幸い崖に落ちるということはないが、この狭い道幅では到底立て直せない。
「待っ……て」
数メートル先のフィニッシュラインが視界を掠める。
しかしそれはフロントガラス越しではなく、運転席側のドアウィンドウから見た光景だった。
スピンする。
必死にカウンターステアを当てるが、間に合わない。
白煙を上げながらも制御不可能に陥ったフェアレディZの慣性を俺は止められず、そのままかなり長い距離を横滑りしてようやく止まった。

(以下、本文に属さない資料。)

definition volterra_conv_Rplus :: "(real \<Rightarrow> real) \<Rightarrow> (real \<Rightarrow> real) \<Rightarrow> real \<Rightarrow> real" where
  "volterra_conv_Rplus g \<theta> \<tau> = (if 0 \<le> \<tau> then volterra_conv g \<theta> \<tau> else 0)"

context
  fixes g g' g'' :: "real \<Rightarrow> real"
  assumes g: "\<And>t. t \<ge> 0 \<Longrightarrow> (g has_real_derivative g' t) (at t within {0..})"
    and g': "\<And>t. t \<ge> 0 \<Longrightarrow> (g' has_real_derivative g'' t) (at t within {0..})"
    and cont_g'': "continuous_on {0..} g''"
    and g0: "g 0 \<noteq> 0"
begin

private lemma continuous_on_g': "continuous_on {0..} g'"
  using g' by (intro DERIV_continuous_on) auto

lemma volterra_conv_Rplus_has_real_derivative:
  assumes "continuous_on {0..} \<theta>" "\<tau> \<ge> 0"
  shows "(volterra_conv_Rplus g \<theta> has_real_derivative \<theta> \<tau> * g 0 + volterra_conv g' \<theta> \<tau>)
           (at \<tau> within {0..})"
  by (rule has_field_derivative_transform_within[OF
        volterra_conv_has_real_derivative[OF g continuous_on_g' assms] zero_less_one])
     (use assms in \<open>auto simp: volterra_conv_Rplus_def\<close>)

lemma volterra_conv_Rplus_in_C1_Rplus_0:
  assumes "\<theta> \<in> C_Rplus"
  shows "volterra_conv_Rplus g \<theta> \<in> C1_Rplus_0"
proof -
  have cont_\<theta>: "continuous_on {0..} \<theta>" using assms by (simp add: C_Rplus_def)
  have "continuous_on {0..} (\<lambda>\<tau>. \<theta> \<tau> * g 0 + volterra_conv g' \<theta> \<tau>)"
    by (intro continuous_intros cont_\<theta> continuous_on_volterra_conv[OF g' cont_g''])
  then show ?thesis
    unfolding C1_Rplus_0_def
    using volterra_conv_Rplus_has_real_derivative[OF cont_\<theta>]
    by (auto simp: volterra_conv_Rplus_def volterra_conv_def)
qed

lemma inj_on_volterra_conv_Rplus: "inj_on (volterra_conv_Rplus g) C_Rplus"
proof (rule inj_onI)
  fix \<theta>1 \<theta>2 assume "\<theta>1 \<in> C_Rplus" "\<theta>2 \<in> C_Rplus"
    and eq: "volterra_conv_Rplus g \<theta>1 = volterra_conv_Rplus g \<theta>2"
  then have cont: "continuous_on {0..} \<theta>1" "continuous_on {0..} \<theta>2"
    and neg: "\<And>t. t < 0 \<Longrightarrow> \<theta>1 t = 0 \<and> \<theta>2 t = 0"
    by (auto simp: C_Rplus_def)
  define \<delta> where "\<delta> = (\<lambda>s. \<theta>1 s - \<theta>2 s)"
  have cont_\<delta>: "continuous_on {0..} \<delta>" unfolding \<delta>_def by (intro continuous_intros cont)
  have homogeneous: "\<delta> \<tau> = - volterra_conv (\<lambda>t. g' t / g 0) \<delta> \<tau>" if \<tau>: "\<tau> \<ge> 0" for \<tau>
  proof -
    have "\<theta>1 \<tau> * g 0 + volterra_conv g' \<theta>1 \<tau> = \<theta>2 \<tau> * g 0 + volterra_conv g' \<theta>2 \<tau>"
      using volterra_conv_Rplus_has_real_derivative[OF cont(1) \<tau>]
        volterra_conv_Rplus_has_real_derivative[OF cont(2) \<tau>]
      by (intro has_field_derivative_unique[OF _ _ at_within_atLeast_neq_bot[OF \<tau>]]) (simp_all add: eq)
    then show ?thesis
      using g0 by (simp add: volterra_conv_divide_kernel volterra_conv_diff[OF continuous_on_g' cont]
          \<delta>_def field_simps)
  qed
  have "\<delta> \<tau> = 0" if "\<tau> \<ge> 0" for \<tau>
    by (rule volterra_homogeneous_eq_0[OF _ cont_\<delta> homogeneous that])
       (use g0 in \<open>auto intro!: continuous_intros continuous_on_g'\<close>)
  then show "\<theta>1 = \<theta>2"
    using neg by (metis \<delta>_def eq_iff_diff_eq_0 ext linorder_not_le)
qed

コースと逆向きに停まった俺を、グナットサムが追い抜いて――――
タイヤの煙が収まった後に見えたのは、フェアレディZより後方にあるフィニッシュラインだった。
「はぁ……はぁ……」
心臓の音がありえないほどにうるさい。
少しして、会場ごと峠を覆いつくすほどの観客の歓声が全身を貫いた。
『――――な、何が起きたのか!? S字の激しい攻防、姿勢を崩しながらも先にフィニッシュラインを超えたのはレイナーデ・ウィロー!! 新たな王者となる、“朱雀”フェアレディZの誕生の瞬間だ!!!』
俺が先に、フィニッシュ――――?
勝ったのか。
勝ったんだ。
「やった……やったやったやった!!」
このフェアレディZが、“朱雀”に。
スーパーチャージャー最速の称号を手にしたんだ。